Limitations & Future Work¶
- Thresholds are determined via offline search and may not generalize across tasks or inputs—input-adaptive dynamic thresholds are worth exploring.
- Evaluation is limited to three MoE MLLMs (Kimi-VL / Qwen3-VL / InternVL3.5); broader architectural coverage is needed.
- Decode-stage speedup is modest (1.26×), primarily because decoding is memory-bound and processes only text tokens.
- Calibrating \(\alpha^{(l)}\) requires a forward pass with each layer's experts skipped, incurring overhead that grows linearly with the number of layers.
- Dynamic top-\(k\) adjustment strategies (as opposed to skipping after fixing top-\(k\)) remain unexplored.
Related Work & Insights¶
- vs. NAEE/MC-MoE (LLM expert skipping): Designed for unimodal LLMs; accuracy drops below 89% at an 83% skip rate when transferred to MLLMs. MoDES achieves 96.25%—a substantial gap.
- vs. DiEP (differentiable expert pruning): DiEP performs expert similarity and routing probability pruning in a training-aware framework but ignores layer-wise and modality-wise differences. MoDES is training-free and achieves superior results.
- vs. V2Drop/DUET-VLM (token compression): Orthogonally complementary—V2Drop reduces the number of visual tokens, while MoDES reduces the number of experts activated per token. The two approaches can be combined.
- vs. ApET (approximation error compression): ApET reduces tokens from an information-theoretic perspective; MoDES reduces computation from an expert perspective. Different mechanisms, same objective.

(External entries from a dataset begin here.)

(* Let $H$ be an infinite dimensional real or complex Hilbert space and let $P,Q$ be projections on $H$ such that for every projection $R$ on $H$ with finite corank we have $RP=PR$ if and only if $RQ=QR$. Then either $P=Q$ or $P=I-Q$.
   Context: A projection means a self-adjoint idempotent bounded operator on $H$. A projection $R$ has finite corank if $I-R$ has finite rank. *)

theory Defs
  imports "HOL-Analysis.Analysis"
begin

text \<open>A real Hilbert space is a type of class real_inner and complete_space.
  Operators on H are functions of type 'a => 'a that are bounded (real-)linear.\<close>

definition is_projection :: "('a::real_inner \<Rightarrow> 'a) \<Rightarrow> bool" where
  "is_projection R \<longleftrightarrow> bounded_linear R \<and> R \<circ> R = R \<and>
     (\<forall>x y. inner (R x) y = inner x (R y))"

definition finite_rank :: "('a::real_vector \<Rightarrow> 'a) \<Rightarrow> bool" where
  "finite_rank T \<longleftrightarrow> (\<exists>B. finite B \<and> range T \<subseteq> span B)"

definition finite_corank :: "('a::real_vector \<Rightarrow> 'a) \<Rightarrow> bool" where
  "finite_corank R \<longleftrightarrow> finite_rank (\<lambda>x. x - R x)"

definition infinite_dimensional :: "'a::real_vector itself \<Rightarrow> bool" where
  "infinite_dimensional _ \<longleftrightarrow> \<not> (\<exists>B::'a set. finite B \<and> UNIV \<subseteq> span B)"

text \<open>Complex Hilbert spaces: a complex Hilbert space is its underlying real
  Hilbert space together with multiplication by i, an orthogonal real-linear map J
  with J (J x) = - x. Complex scalar multiplication and the complex inner product
  (linear in the first, conjugate-linear in the second argument) are recovered
  from J as follows.\<close>

definition complex_structure :: "('a::real_inner \<Rightarrow> 'a) \<Rightarrow> bool" where
  "complex_structure J \<longleftrightarrow> bounded_linear J \<and> (\<forall>x. J (J x) = - x) \<and>
     (\<forall>x y. inner (J x) (J y) = inner x y)"

definition cscale :: "('a::real_vector \<Rightarrow> 'a) \<Rightarrow> complex \<Rightarrow> 'a \<Rightarrow> 'a" where
  "cscale J c x = Re c *\<^sub>R x + Im c *\<^sub>R J x"

definition cinner :: "('a::real_inner \<Rightarrow> 'a) \<Rightarrow> 'a \<Rightarrow> 'a \<Rightarrow> complex" where
  "cinner J x y = Complex (inner x y) (inner x (J y))"

definition cspan :: "('a::real_vector \<Rightarrow> 'a) \<Rightarrow> 'a set \<Rightarrow> 'a set" where
  "cspan J B = {\<Sum>b\<in>S. cscale J (c b) b | S c. finite S \<and> S \<subseteq> B}"

definition is_cprojection :: "('a::real_inner \<Rightarrow> 'a) \<Rightarrow> ('a \<Rightarrow> 'a) \<Rightarrow> bool" where
  "is_cprojection J R \<longleftrightarrow> bounded_linear R \<and>
     (\<forall>c x. R (cscale J c x) = cscale J c (R x)) \<and> R \<circ> R = R \<and>
     (\<forall>x y. cinner J (R x) y = cinner J x (R y))"

definition cfinite_rank :: "('a::real_vector \<Rightarrow> 'a) \<Rightarrow> ('a \<Rightarrow> 'a) \<Rightarrow> bool" where
  "cfinite_rank J T \<longleftrightarrow> (\<exists>B. finite B \<and> range T \<subseteq> cspan J B)"

definition cfinite_corank :: "('a::real_vector \<Rightarrow> 'a) \<Rightarrow> ('a \<Rightarrow> 'a) \<Rightarrow> bool" where
  "cfinite_corank J R \<longleftrightarrow> cfinite_rank J (\<lambda>x. x - R x)"

definition cinfinite_dimensional :: "('a::real_vector \<Rightarrow> 'a) \<Rightarrow> bool" where
  "cinfinite_dimensional J \<longleftrightarrow> \<not> (\<exists>B. finite B \<and> UNIV \<subseteq> cspan J B)"

end

theory Submission
  imports Defs
begin

(* For any vector v, the projection onto the orthogonal complement of the (real or complex)
   line through v has finite corank, and it commutes with a projection P exactly when
   P v = v or P v = 0. Hence P and Q have the same eigenvectors: range P \<union> ker P =
   range Q \<union> ker Q. A subspace covered by two subspaces lies in one of them, so each of
   range P, ker P lies in range Q or in ker Q and vice versa, which forces P = Q or P = I - Q. *)

lemma subspace_subset_Un_cases:
  assumes "subspace U" "subspace V" "subspace W" "U \<subseteq> V \<union> W"
  shows "U \<subseteq> V \<or> U \<subseteq> W"
proof (rule ccontr)
  assume "\<not> ?thesis"
  then obtain v w where "v \<in> U" "v \<notin> W" "w \<in> U" "w \<notin> V" by blast
  with assms(4) have "v \<in> V" "w \<in> W" by blast+
  have "v + w \<in> V \<union> W"
    using assms(1,4) \<open>v \<in> U\<close> \<open>w \<in> U\<close> by (blast intro: subspace_add)
  moreover have "v + w \<notin> V"
    using subspace_diff[OF assms(2), of "v + w" v] \<open>v \<in> V\<close> \<open>w \<notin> V\<close> by auto
  moreover have "v + w \<notin> W"
    using subspace_diff[OF assms(3), of "v + w" w] \<open>w \<in> W\<close> \<open>v \<notin> W\<close> by auto
  ultimately show False by blast
qed

lemma subspace_fixpoints:
  assumes "linear f"
  shows "subspace {x. f x = x}"
  using assms unfolding subspace_def by (simp add: linear_0 linear_add linear_scale)

lemma idempotent_eqI:
  fixes P Q :: "'a::real_vector \<Rightarrow> 'a"
  assumes "linear P" "linear Q" "\<And>x. P (P x) = P x"
    and "\<And>x. P x = x \<Longrightarrow> Q x = x" "\<And>x. P x = 0 \<Longrightarrow> Q x = 0"
  shows "P = Q"
proof
  fix y
  have "P (y - P y) = 0"
    using assms(1,3) by (simp add: linear_diff)
  have "Q y = Q (P y) + Q (y - P y)"
    using assms(2) by (simp add: linear_diff)
  also have "\<dots> = P y"
    using assms(3-5) \<open>P (y - P y) = 0\<close> by simp
  finally show "P y = Q y" by simp
qed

Highlights & Insights (Extended)¶
- The MoDES finding that "shallow layers are more important" corroborates the Overthinking paper's observation that "hypotheses become unstable from middle to deep layers → hallucinations"—both point to the conclusion that not all layers contribute equally.
- Combination idea: MoDES (expert skipping) + V2Drop (token dropping) + ApET (token merging)—three levels of compression for maximal VLM inference acceleration.
Rating¶
- Novelty: ⭐⭐⭐⭐⭐ First adaptation of expert skipping to multimodal MoE; both insights (layer-wise and modality-wise) and the frontier search algorithm are original contributions.

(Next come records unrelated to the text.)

lemma strict_mono_on_self_eq:
  fixes f :: "nat \<Rightarrow> nat"
  assumes mono: "strict_mono_on {1..M} f" and into: "f ` {1..M} \<subseteq> {1..M}" and k: "k \<in> {1..M}"
  shows "f k = k"
proof -
  have "f ` {1..M} = {1..M}"
    using card_subset_eq[OF _ into] card_image[OF strict_mono_on_imp_inj_on[OF mono]] by simp
  moreover have "sorted_wrt (<) (map f [1..<M+1])"
    by (rule sorted_wrt_map_mono[OF sorted_wrt_upt]) (use mono in \<open>auto simp: strict_mono_on_def\<close>)
  ultimately have "map f [1..<M+1] = [1..<M+1]"
    by (intro sorted_distinct_set_unique)
      (auto simp del: upt_Suc simp: strict_sorted_iff atLeastLessThanSuc_atLeastAtMost)
  then have "map f [1..<M+1] ! (k - 1) = [1..<M+1] ! (k - 1)" by simp
  then show ?thesis using k by (auto simp del: upt_Suc)
qed

lemma zeros_initial_segment:
  fixes h :: "nat \<Rightarrow> 'b::{order, zero}"
  assumes mono: "\<And>i j. 1 \<le> i \<Longrightarrow> i < j \<Longrightarrow> j \<le> L \<Longrightarrow> h i \<le> h j"
    and nonneg: "\<And>k. k \<in> {1..L} \<Longrightarrow> h k \<ge> 0"
    and card: "card {k \<in> {1..L}. h k = 0} = M" and k: "k \<in> {1..M}"
  shows "h k = 0"
proof (rule ccontr)
  let ?K = "{k \<in> {1..L}. h k = 0}"
  assume hk: "h k \<noteq> 0"
  have "?K \<subseteq> {1..L}" by blast
  then have "M \<le> L" using card card_mono[of "{1..L}" ?K] by simp
  have "p < k" if p: "p \<in> ?K" for p
  proof (rule ccontr)
    assume "\<not> p < k"
    then have "k < p" using p hk by (cases "p = k") auto
    then have "h k \<le> 0" using mono[of k p] k p by auto
    moreover have "h k \<ge> 0" using nonneg[of k] k \<open>M \<le> L\<close> by simp
    ultimately show False using hk by simp
  qed
  then have "?K \<subseteq> {1..<k}" by auto
  then have "M \<le> k - 1" using card card_mono[of "{1..<k}" ?K] by simp
  then show False using k by auto
qed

- Experimental Thoroughness: ⭐⭐⭐⭐⭐ Three MoE model families, 13 benchmarks, multiple skip rates, quantization combinations, detailed ablations, and mathematical proofs.
- Writing Quality: ⭐⭐⭐⭐⭐ Perfect logical flow from motivation → analysis → method → validation; appendix includes complete proofs.
- Value: ⭐⭐⭐⭐⭐ MoE MLLMs have become mainstream (Kimi-VL / DeepSeek / Qwen3 all adopt MoE); the method is directly deployable.